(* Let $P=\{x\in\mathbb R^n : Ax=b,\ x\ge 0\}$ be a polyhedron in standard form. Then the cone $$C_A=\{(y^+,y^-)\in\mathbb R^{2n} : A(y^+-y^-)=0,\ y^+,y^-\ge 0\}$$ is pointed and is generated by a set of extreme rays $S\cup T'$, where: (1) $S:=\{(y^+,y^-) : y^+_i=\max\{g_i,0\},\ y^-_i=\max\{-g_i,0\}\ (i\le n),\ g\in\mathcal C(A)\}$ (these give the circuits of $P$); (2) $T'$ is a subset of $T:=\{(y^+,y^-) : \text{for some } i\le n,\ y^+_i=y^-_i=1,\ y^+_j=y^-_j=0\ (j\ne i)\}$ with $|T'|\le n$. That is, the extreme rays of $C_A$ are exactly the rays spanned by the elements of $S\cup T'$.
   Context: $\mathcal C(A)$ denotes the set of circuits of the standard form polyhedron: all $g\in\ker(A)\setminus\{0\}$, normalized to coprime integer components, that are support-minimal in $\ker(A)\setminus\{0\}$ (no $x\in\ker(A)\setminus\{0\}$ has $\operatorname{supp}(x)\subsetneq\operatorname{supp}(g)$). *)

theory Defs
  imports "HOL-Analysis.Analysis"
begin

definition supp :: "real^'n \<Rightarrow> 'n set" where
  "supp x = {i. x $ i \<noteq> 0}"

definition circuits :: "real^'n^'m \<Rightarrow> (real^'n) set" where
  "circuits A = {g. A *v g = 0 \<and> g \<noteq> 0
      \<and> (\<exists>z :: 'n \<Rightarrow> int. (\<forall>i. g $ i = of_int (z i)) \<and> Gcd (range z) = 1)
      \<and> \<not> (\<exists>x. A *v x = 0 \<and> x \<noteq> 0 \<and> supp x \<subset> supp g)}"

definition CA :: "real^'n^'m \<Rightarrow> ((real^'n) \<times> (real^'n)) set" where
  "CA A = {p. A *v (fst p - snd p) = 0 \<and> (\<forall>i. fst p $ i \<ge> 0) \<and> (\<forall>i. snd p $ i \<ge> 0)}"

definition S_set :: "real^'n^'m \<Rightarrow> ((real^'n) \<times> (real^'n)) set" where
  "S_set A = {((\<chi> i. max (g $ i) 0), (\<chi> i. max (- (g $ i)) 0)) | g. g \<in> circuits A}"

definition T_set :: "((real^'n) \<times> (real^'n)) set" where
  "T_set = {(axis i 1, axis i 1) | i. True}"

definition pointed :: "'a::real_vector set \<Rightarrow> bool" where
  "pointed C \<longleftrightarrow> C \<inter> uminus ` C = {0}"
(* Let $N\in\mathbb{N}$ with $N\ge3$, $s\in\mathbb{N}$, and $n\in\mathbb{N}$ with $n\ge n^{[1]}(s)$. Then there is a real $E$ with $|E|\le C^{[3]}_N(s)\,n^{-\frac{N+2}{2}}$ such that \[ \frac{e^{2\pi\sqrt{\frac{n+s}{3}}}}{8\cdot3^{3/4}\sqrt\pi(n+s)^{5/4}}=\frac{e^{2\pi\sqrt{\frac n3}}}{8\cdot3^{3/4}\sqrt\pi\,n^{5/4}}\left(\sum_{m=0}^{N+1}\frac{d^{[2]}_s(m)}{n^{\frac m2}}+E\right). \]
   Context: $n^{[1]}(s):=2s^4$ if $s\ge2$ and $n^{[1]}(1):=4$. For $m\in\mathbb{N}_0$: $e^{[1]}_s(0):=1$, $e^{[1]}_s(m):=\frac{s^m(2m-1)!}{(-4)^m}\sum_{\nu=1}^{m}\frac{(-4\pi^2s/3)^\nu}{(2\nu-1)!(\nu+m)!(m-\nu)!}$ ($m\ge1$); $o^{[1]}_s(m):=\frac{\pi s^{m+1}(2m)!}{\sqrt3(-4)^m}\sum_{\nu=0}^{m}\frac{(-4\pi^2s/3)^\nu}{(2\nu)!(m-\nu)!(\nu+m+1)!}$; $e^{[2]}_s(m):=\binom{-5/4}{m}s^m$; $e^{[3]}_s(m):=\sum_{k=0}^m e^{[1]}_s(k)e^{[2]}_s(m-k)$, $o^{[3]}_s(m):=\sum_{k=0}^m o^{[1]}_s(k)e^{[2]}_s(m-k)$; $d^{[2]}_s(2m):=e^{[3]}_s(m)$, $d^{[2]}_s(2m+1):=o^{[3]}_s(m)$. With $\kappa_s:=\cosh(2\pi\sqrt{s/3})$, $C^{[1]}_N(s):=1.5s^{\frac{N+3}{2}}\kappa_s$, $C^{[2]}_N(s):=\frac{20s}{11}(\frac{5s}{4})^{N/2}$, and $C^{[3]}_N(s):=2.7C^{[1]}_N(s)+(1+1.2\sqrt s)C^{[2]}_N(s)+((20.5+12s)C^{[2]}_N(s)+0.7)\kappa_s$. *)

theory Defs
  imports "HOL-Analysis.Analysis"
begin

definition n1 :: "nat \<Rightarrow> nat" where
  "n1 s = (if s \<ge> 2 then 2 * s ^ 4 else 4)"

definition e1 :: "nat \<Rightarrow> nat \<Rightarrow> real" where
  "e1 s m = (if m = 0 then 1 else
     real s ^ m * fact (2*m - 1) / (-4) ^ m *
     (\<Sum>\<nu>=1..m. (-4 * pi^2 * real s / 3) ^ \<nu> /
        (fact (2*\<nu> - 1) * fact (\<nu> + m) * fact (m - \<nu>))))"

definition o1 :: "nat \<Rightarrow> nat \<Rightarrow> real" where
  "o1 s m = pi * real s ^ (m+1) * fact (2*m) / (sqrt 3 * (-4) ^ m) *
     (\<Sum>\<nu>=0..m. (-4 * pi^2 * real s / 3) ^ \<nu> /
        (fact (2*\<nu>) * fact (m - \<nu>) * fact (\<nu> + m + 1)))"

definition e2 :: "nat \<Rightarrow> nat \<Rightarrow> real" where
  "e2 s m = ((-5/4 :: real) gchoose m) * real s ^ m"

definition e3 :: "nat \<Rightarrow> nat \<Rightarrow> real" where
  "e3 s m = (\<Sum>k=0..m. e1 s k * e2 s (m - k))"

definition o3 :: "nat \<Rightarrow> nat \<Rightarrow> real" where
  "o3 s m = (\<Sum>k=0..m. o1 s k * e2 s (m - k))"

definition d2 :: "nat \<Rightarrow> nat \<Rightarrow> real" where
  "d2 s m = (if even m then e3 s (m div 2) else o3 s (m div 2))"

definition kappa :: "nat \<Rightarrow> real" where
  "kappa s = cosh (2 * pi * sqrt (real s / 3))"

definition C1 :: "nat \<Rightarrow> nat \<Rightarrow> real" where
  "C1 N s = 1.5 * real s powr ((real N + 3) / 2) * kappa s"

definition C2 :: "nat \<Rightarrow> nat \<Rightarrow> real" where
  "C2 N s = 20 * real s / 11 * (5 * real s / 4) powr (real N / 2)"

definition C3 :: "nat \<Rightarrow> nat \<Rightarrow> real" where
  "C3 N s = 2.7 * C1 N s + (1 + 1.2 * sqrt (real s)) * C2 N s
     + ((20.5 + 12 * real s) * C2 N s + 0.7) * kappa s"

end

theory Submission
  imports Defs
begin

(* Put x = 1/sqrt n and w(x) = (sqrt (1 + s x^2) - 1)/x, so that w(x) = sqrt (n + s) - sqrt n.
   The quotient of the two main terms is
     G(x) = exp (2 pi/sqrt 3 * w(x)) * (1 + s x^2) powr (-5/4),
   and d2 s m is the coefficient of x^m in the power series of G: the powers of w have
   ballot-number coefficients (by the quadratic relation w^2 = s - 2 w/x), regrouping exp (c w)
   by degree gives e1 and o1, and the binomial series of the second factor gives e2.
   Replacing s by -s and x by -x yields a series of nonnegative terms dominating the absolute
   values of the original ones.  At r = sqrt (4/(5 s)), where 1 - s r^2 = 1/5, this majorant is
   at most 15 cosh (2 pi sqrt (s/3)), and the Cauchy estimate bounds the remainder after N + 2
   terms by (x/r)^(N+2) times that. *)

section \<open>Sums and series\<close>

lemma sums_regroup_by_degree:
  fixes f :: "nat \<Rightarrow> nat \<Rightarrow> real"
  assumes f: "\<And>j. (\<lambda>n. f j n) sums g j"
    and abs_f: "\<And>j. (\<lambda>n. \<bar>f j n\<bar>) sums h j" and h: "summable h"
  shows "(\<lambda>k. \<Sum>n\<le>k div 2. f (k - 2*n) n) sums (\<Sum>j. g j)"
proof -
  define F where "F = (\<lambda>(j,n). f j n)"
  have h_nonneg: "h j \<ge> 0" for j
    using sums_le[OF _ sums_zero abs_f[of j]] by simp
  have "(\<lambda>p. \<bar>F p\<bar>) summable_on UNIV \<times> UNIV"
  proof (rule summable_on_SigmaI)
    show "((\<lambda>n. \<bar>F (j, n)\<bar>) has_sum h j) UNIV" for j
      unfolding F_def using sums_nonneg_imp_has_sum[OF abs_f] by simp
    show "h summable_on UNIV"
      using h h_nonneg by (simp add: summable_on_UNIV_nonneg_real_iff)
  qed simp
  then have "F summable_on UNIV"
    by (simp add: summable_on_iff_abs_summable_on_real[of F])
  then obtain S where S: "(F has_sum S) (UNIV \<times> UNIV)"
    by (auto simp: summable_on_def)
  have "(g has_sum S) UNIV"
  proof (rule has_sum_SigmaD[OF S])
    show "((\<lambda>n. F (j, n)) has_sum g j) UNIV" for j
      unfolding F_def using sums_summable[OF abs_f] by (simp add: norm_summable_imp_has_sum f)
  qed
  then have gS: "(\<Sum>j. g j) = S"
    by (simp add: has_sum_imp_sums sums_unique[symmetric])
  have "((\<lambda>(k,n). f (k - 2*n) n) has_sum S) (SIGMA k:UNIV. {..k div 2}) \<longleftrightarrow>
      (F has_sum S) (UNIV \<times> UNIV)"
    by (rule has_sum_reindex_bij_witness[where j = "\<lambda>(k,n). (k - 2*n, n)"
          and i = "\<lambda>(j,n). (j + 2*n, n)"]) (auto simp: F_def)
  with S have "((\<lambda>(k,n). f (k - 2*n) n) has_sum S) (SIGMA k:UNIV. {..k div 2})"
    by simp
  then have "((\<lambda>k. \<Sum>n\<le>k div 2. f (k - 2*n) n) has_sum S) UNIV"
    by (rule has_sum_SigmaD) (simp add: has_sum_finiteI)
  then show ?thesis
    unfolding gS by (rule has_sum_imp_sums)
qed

====

Starting at the line that contains "then 1 else" and stopping after the line that contains "and d2 s m is", write out every line exactly as it appears above, and no other line.

  "e1 s m = (if m = 0 then 1 else
     real s ^ m * fact (2*m - 1) / (-4) ^ m *
     (\<Sum>\<nu>=1..m. (-4 * pi^2 * real s / 3) ^ \<nu> /
        (fact (2*\<nu> - 1) * fact (\<nu> + m) * fact (m - \<nu>))))"

definition o1 :: "nat \<Rightarrow> nat \<Rightarrow> real" where
  "o1 s m = pi * real s ^ (m+1) * fact (2*m) / (sqrt 3 * (-4) ^ m) *
     (\<Sum>\<nu>=0..m. (-4 * pi^2 * real s / 3) ^ \<nu> /
        (fact (2*\<nu>) * fact (m - \<nu>) * fact (\<nu> + m + 1)))"

definition e2 :: "nat \<Rightarrow> nat \<Rightarrow> real" where
  "e2 s m = ((-5/4 :: real) gchoose m) * real s ^ m"

definition e3 :: "nat \<Rightarrow> nat \<Rightarrow> real" where
  "e3 s m = (\<Sum>k=0..m. e1 s k * e2 s (m - k))"

definition o3 :: "nat \<Rightarrow> nat \<Rightarrow> real" where
  "o3 s m = (\<Sum>k=0..m. o1 s k * e2 s (m - k))"

definition d2 :: "nat \<Rightarrow> nat \<Rightarrow> real" where
  "d2 s m = (if even m then e3 s (m div 2) else o3 s (m div 2))"

definition kappa :: "nat \<Rightarrow> real" where
  "kappa s = cosh (2 * pi * sqrt (real s / 3))"

definition C1 :: "nat \<Rightarrow> nat \<Rightarrow> real" where
  "C1 N s = 1.5 * real s powr ((real N + 3) / 2) * kappa s"

definition C2 :: "nat \<Rightarrow> nat \<Rightarrow> real" where
  "C2 N s = 20 * real s / 11 * (5 * real s / 4) powr (real N / 2)"

definition C3 :: "nat \<Rightarrow> nat \<Rightarrow> real" where
  "C3 N s = 2.7 * C1 N s + (1 + 1.2 * sqrt (real s)) * C2 N s
     + ((20.5 + 12 * real s) * C2 N s + 0.7) * kappa s"

end

theory Submission
  imports Defs
begin

(* Put x = 1/sqrt n and w(x) = (sqrt (1 + s x^2) - 1)/x, so that w(x) = sqrt (n + s) - sqrt n.
   The quotient of the two main terms is
     G(x) = exp (2 pi/sqrt 3 * w(x)) * (1 + s x^2) powr (-5/4),
   and d2 s m is the coefficient of x^m in the power series of G: the powers of w have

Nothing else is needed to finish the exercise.